Because SSE4a is AMD-specific and relatively small, portable software rarely targets it as a primary SIMD path.

AES-NI and PCLMULQDQ

AES-NI and PCLMULQDQ are not usually described as “SSE versions,” but they are closely related to the SIMD evolution of x86.

AES-NI accelerates AES encryption and decryption.

PCLMULQDQ performs carry-less multiplication, useful for cryptography, CRC algorithms, and Galois field arithmetic.

Typical support:

VendorProcessor generation
IntelWestmere and later, broadly
AMDBulldozer and later, broadly in modern Ryzen and EPYC

These instructions are very important for cryptographic performance.

AVX

AVX stands for:

Advanced Vector Extensions

AVX introduced 256-bit YMM registers.

Conceptually, each YMM register extends an XMM register:

xmm0 = lower 128 bits of ymm0
ymm0 = 256-bit register

AVX also introduced the VEX instruction encoding, which improved instruction encoding and allowed three-operand non-destructive forms.

For example, older SSE code often overwrote one input:

a = a + b

AVX can encode:

c = a + b

This is a major improvement for register allocation and instruction scheduling.

AVX mainly extended floating-point SIMD to 256 bits:

Data typeElements per YMM register
32-bit floats8
64-bit doubles4

Typical processors with AVX:

VendorProcessor generation
IntelSandy Bridge and later
AMDBulldozer and later, Zen and later

Important note: AVX requires operating system support for saving and restoring YMM state. Runtime detection must check both CPU support and OS support.

F16C

F16C added conversion instructions between 16-bit half-precision floating-point and 32-bit single-precision floating-point.

It is not a full half-precision arithmetic extension. It is mainly a conversion extension.

Typical processors with F16C:

VendorProcessor generation
IntelIvy Bridge and later
AMDPiledriver and later, Zen and later

F16C became important for graphics, machine learning data conversion, and storage of compact floating-point data.

FMA3

FMA means:

Fused Multiply-Add

A fused multiply-add computes:

a * b + c

as one fused operation.

FMA improves both performance and numerical behavior for many floating-point workloads.

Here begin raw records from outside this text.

(* There is an absolute constant $C>0$ such that the following holds. Let $\epsilon\in(0,1)$, let $u\in\mathbb{R}^d$, and let $S\subseteq\mathbb{R}^d$ be a finite set of vectors of Euclidean norm at most $1$ with pairwise distinct values $u^Tx$, of intrinsic dimension $d'$. Let $t=\lceil C d'\log(d'/\epsilon)\rceil$ and suppose $|S|\ge 4t$. Then $$|\{x\in S:\ S\setminus\{x\}\vdash x\}|\ge \tfrac34|S|.$$
   Context: For a finite set $T=\{x_1,\dots,x_s\}$ sorted so that $u^Tx_1>\dots>u^Tx_s$, write $T\vdash x$ if $\min_{\alpha_1,\dots,\alpha_{s-1}\ge 0}\big\|x-x_1-\sum_{j=1}^{s-1}\alpha_j(x_{j+1}-x_j)\big\|_2\le\epsilon$. The intrinsic dimension of a set is the smallest number of orthonormal vectors whose span contains the set. *)

theory Defs
  imports Complex_Main
begin

text \<open>Vectors of R^d are represented as functions nat => real whose coordinates
  outside {..<d} vanish; this lets the dimension d be quantified inside the
  statement (the constant C must not depend on d).\<close>

definition in_Rd :: "nat \<Rightarrow> (nat \<Rightarrow> real) \<Rightarrow> bool" where
  "in_Rd d x \<longleftrightarrow> (\<forall>i\<ge>d. x i = 0)"

definition ip :: "nat \<Rightarrow> (nat \<Rightarrow> real) \<Rightarrow> (nat \<Rightarrow> real) \<Rightarrow> real" where
  "ip d x y = (\<Sum>i<d. x i * y i)"

definition vnorm :: "nat \<Rightarrow> (nat \<Rightarrow> real) \<Rightarrow> real" where
  "vnorm d x = sqrt (ip d x x)"

definition intrinsic_dim :: "nat \<Rightarrow> (nat \<Rightarrow> real) set \<Rightarrow> nat" where
  "intrinsic_dim d S = (LEAST k. \<exists>b :: nat \<Rightarrow> nat \<Rightarrow> real.
      (\<forall>j<k. in_Rd d (b j)) \<and>
      (\<forall>j<k. \<forall>l<k. ip d (b j) (b l) = (if j = l then 1 else 0)) \<and>
      (\<forall>x\<in>S. \<exists>c :: nat \<Rightarrow> real. \<forall>i. x i = (\<Sum>j<k. c j * b j i)))"

definition sorted_desc :: "nat \<Rightarrow> (nat \<Rightarrow> real) \<Rightarrow> (nat \<Rightarrow> real) set \<Rightarrow> (nat \<Rightarrow> real) list" where
  "sorted_desc d u T = (THE xs. set xs = T \<and> sorted_wrt (\<lambda>a b. ip d u b < ip d u a) xs)"

definition derives :: "nat \<Rightarrow> (nat \<Rightarrow> real) \<Rightarrow> real \<Rightarrow> (nat \<Rightarrow> real) set \<Rightarrow> (nat \<Rightarrow> real) \<Rightarrow> bool" where
  "derives d u \<epsilon> T x \<longleftrightarrow>
     (let xs = sorted_desc d u T; s = length xs in
      Inf {vnorm d (\<lambda>i. x i - (xs ! 0) i - (\<Sum>j<s - 1. \<alpha> j * ((xs ! (j+1)) i - (xs ! j) i)))
           | \<alpha> :: nat \<Rightarrow> real. \<forall>j<s - 1. 0 \<le> \<alpha> j} \<le> \<epsilon>)"

end

theory Submission
  imports Defs
begin

text \<open>Sort \<open>S\<close> by decreasing \<open>u\<^sup>T x\<close> as \<open>x\<^sub>0, ..., x\<^sub>n\<^sub>-\<^sub>1\<close>, and write the steps
  \<open>v\<^sub>j = x\<^sub>j\<^sub>+\<^sub>1 - x\<^sub>j\<close> in an orthonormal basis of the span of \<open>S\<close>, of dimension \<open>N\<close>.
  If \<open>x\<^sub>k\<close> (\<open>k > 0\<close>) is not derived, then \<open>x\<^sub>k - x\<^sub>0\<close> is \<open>\<epsilon>\<close>-far from the cone spanned by the
  steps of the remaining points, and the residual of a near-minimiser is a functional that is almost
  nonpositive on the steps \<open>v\<^sub>j\<close>, \<open>j < k - 1\<close>, but large on \<open>x\<^sub>k - x\<^sub>0\<close>. Telescoping shows that
  \<open>v\<^sub>k\<^sub>-\<^sub>1\<close> then has leverage at least \<open>1/2\<close> with respect to
  \<open>W\<^sub>k\<^sub>-\<^sub>1 = \<epsilon>\<^sup>2 I + \<Sum>\<^sub>j v\<^sub>j v\<^sub>j\<^sup>T\<close> (over \<open>j < k - 1\<close>). By the matrix determinant lemma every such step
  multiplies \<open>det W\<close> by at least \<open>3/2\<close>, while Hadamard's inequality gives
  \<open>det W\<^sub>n\<^sub>-\<^sub>1 \<le> (\<epsilon>\<^sup>2 + 4n)\<^sup>N\<close>. Hence there are only \<open>O(N log (n / \<epsilon>))\<close> non-derived points,
  fewer than \<open>n/4\<close> once \<open>n \<ge> 4000 N log (N / \<epsilon>)\<close>. For \<open>N = 1\<close> all points are collinear and
  every \<open>x\<^sub>k\<close> with \<open>k > 0\<close> lies on the ray from \<open>x\<^sub>0\<close> through the next remaining point.\<close>

section \<open>Determinants of positive definite forms by elimination\<close>

text \<open>Matrices are functions \<open>nat \<Rightarrow> nat \<Rightarrow> real\<close> of which only the leading \<open>N \<times> N\<close> block
  matters, so that the dimension can vary inside a statement. The determinant is the product of
  the pivots of Gaussian elimination, eliminating the last index first.\<close>

definition quad_form :: "nat \<Rightarrow> (nat \<Rightarrow> nat \<Rightarrow> real) \<Rightarrow> (nat \<Rightarrow> real) \<Rightarrow> real" where
  "quad_form N Q x = (\<Sum>a<N. \<Sum>b<N. x a * Q a b * x b)"

definition pos_def :: "nat \<Rightarrow> (nat \<Rightarrow> nat \<Rightarrow> real) \<Rightarrow> bool" where
  "pos_def N Q \<longleftrightarrow> (\<forall>i<N. \<forall>j<N. Q i j = Q j i) \<and> (\<forall>x. (\<exists>i<N. x i \<noteq> 0) \<longrightarrow> 0 < quad_form N Q x)"

definition schur_compl :: "nat \<Rightarrow> (nat \<Rightarrow> nat \<Rightarrow> real) \<Rightarrow> nat \<Rightarrow> nat \<Rightarrow> real" where
  "schur_compl e Q i j = Q i j - Q i e * Q e j / Q e e"

fun pivot_det :: "nat \<Rightarrow> (nat \<Rightarrow> nat \<Rightarrow> real) \<Rightarrow> real" where
  "pivot_det 0 Q = 1"
| "pivot_det (Suc N) Q = Q N N * pivot_det N (schur_compl N Q)"

lemma pivot_det_cong:
  "(\<And>i j. i < N \<Longrightarrow> j < N \<Longrightarrow> Q i j = Q' i j) \<Longrightarrow> pivot_det N Q = pivot_det N Q'"
proof (induction N arbitrary: Q Q')
  case (Suc N)
  have "pivot_det N (schur_compl N Q) = pivot_det N (schur_compl N Q')"
    by (rule Suc.IH) (simp add: schur_compl_def Suc.prems)
  then show ?case by (simp add: Suc.prems)
qed simp

lemma quad_form_cong:
  "(\<And>i j. i < N \<Longrightarrow> j < N \<Longrightarrow> Q i j = Q' i j) \<Longrightarrow> (\<And>i. i < N \<Longrightarrow> x i = x' i) \<Longrightarrow>
    quad_form N Q x = quad_form N Q' x'"
  unfolding quad_form_def by (intro sum.cong refl) auto

lemma quad_form_Suc:
  assumes sym: "\<And>i. i < N \<Longrightarrow> Q i N = Q N i" and piv: "Q N N \<noteq> 0"
  shows "quad_form (Suc N) Q x =
    quad_form N (schur_compl N Q) x + Q N N * (x N + (\<Sum>i<N. Q N i * x i) / Q N N)^2"
proof -
  define s where "s = (\<Sum>i<N. Q N i * x i)"
  define p where "p = Q N N"
  have "quad_form (Suc N) Q x = (\<Sum>a<N. \<Sum>b<N. x a * Q a b * x b) + (\<Sum>a<N. x a * Q a N * x N)
      + (\<Sum>b<N. x N * Q N b * x b) + x N * Q N N * x N"
    unfolding quad_form_def by (simp add: sum.distrib algebra_simps)
  also have "(\<Sum>a<N. x a * Q a N * x N) = x N * s"
    unfolding s_def by (simp add: sum_distrib_left sym algebra_simps)
  also have "(\<Sum>b<N. x N * Q N b * x b) = x N * s"
    unfolding s_def by (simp add: sum_distrib_left algebra_simps)
  also have "(\<Sum>a<N. \<Sum>b<N. x a * Q a b * x b) = quad_form N (schur_compl N Q) x + s^2 / p"
  proof -
    have "quad_form N (schur_compl N Q) x = (\<Sum>a<N. \<Sum>b<N. x a * Q a b * x b)
        - (\<Sum>a<N. \<Sum>b<N. (x a * Q a N) * (Q N b * x b) / p)"
      unfolding quad_form_def schur_compl_def p_def by (simp add: sum_subtractf algebra_simps)
    also have "(\<Sum>a<N. \<Sum>b<N. (x a * Q a N) * (Q N b * x b) / p) = s^2 / p"
      unfolding s_def power2_eq_square
      by (simp add: sum_divide_distrib[symmetric] sum_product sym algebra_simps)
    finally show ?thesis by simp
  qed
  finally show ?thesis
    using piv unfolding s_def[symmetric] p_def[symmetric] by (simp add: field_simps power2_eq_square)
qed

lemma quad_form_unit:
  assumes "i < N"
  shows "quad_form N Q (\<lambda>j. if j = i then 1 else 0) = Q i i"
proof -
  have "\<And>a b. (if a = i then 1 else 0) * Q a b * (if b = i then 1 else 0) =
      (if b = i then if a = i then Q a b else 0 else (0::real))"
    by simp
  then show ?thesis unfolding quad_form_def using assms by simp
qed

lemma pos_def_sym: "pos_def N Q \<Longrightarrow> i < N \<Longrightarrow> j < N \<Longrightarrow> Q i j = Q j i"
  unfolding pos_def_def by blast

lemma pos_def_quad_form_pos: "pos_def N Q \<Longrightarrow> i < N \<Longrightarrow> x i \<noteq> 0 \<Longrightarrow> 0 < quad_form N Q x"
  unfolding pos_def_def by blast

lemma pos_def_quad_form_nonneg: "pos_def N Q \<Longrightarrow> 0 \<le> quad_form N Q x"
  by (cases "\<exists>i<N. x i \<noteq> 0") (auto simp: quad_form_def dest: pos_def_quad_form_pos)

lemma pos_def_quad_form_eq_0: "pos_def N Q \<Longrightarrow> quad_form N Q x = 0 \<Longrightarrow> i < N \<Longrightarrow> x i = 0"
  using pos_def_quad_form_pos[of N Q i x] by auto

lemma pos_def_diag_pos: "pos_def N Q \<Longrightarrow> i < N \<Longrightarrow> 0 < Q i i"
  using pos_def_quad_form_pos[of N Q i "\<lambda>j. if j = i then 1 else 0"] quad_form_unit by simp

lemma pos_def_schur_compl:
  assumes pd: "pos_def (Suc N) Q"
  shows "pos_def N (schur_compl N Q)"
proof -
  have piv: "0 < Q N N" using pos_def_diag_pos[OF pd] by simp
  have sym: "\<And>i. i < N \<Longrightarrow> Q i N = Q N i" using pos_def_sym[OF pd] by simp
  have "schur_compl N Q i j = schur_compl N Q j i" if "i < N" "j < N" for i j
    using that pos_def_sym[OF pd, of i j] sym unfolding schur_compl_def by (simp add: mult.commute)
  moreover have "0 < quad_form N (schur_compl N Q) x" if "i < N" "x i \<noteq> 0" for x i
  proof -
    define x' where "x' = x(N := - (\<Sum>i<N. Q N i * x i) / Q N N)"
    have "(\<Sum>i<N. Q N i * x' i) = (\<Sum>i<N. Q N i * x i)"
      unfolding x'_def by (intro sum.cong) auto
    then have "quad_form (Suc N) Q x' = quad_form N (schur_compl N Q) x'"
      using quad_form_Suc[of N Q x', OF sym] piv by (simp add: x'_def)
    also have "\<dots> = quad_form N (schur_compl N Q) x"
      by (rule quad_form_cong) (auto simp: x'_def)
    finally show ?thesis
      using pos_def_quad_form_pos[OF pd, of i x'] that by (simp add: x'_def)
  qed
  ultimately show ?thesis unfolding pos_def_def by blast
qed

lemma pivot_det_pos: "pos_def N Q \<Longrightarrow> 0 < pivot_det N Q"
proof (induction N arbitrary: Q)
  case (Suc N)
  then show ?case using pos_def_diag_pos pos_def_schur_compl by simp
qed simp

FMA3 is the dominant x86 FMA form today.

Typical processors with FMA3:

VendorProcessor generation
IntelHaswell and later
AMDPiledriver and later, Zen and later

FMA3 is very important for:

  • matrix multiplication;
  • DSP;
  • physics;
  • machine learning;
  • linear algebra;
  • scientific computing.

FMA4

FMA4 was an AMD extension introduced around the Bulldozer era.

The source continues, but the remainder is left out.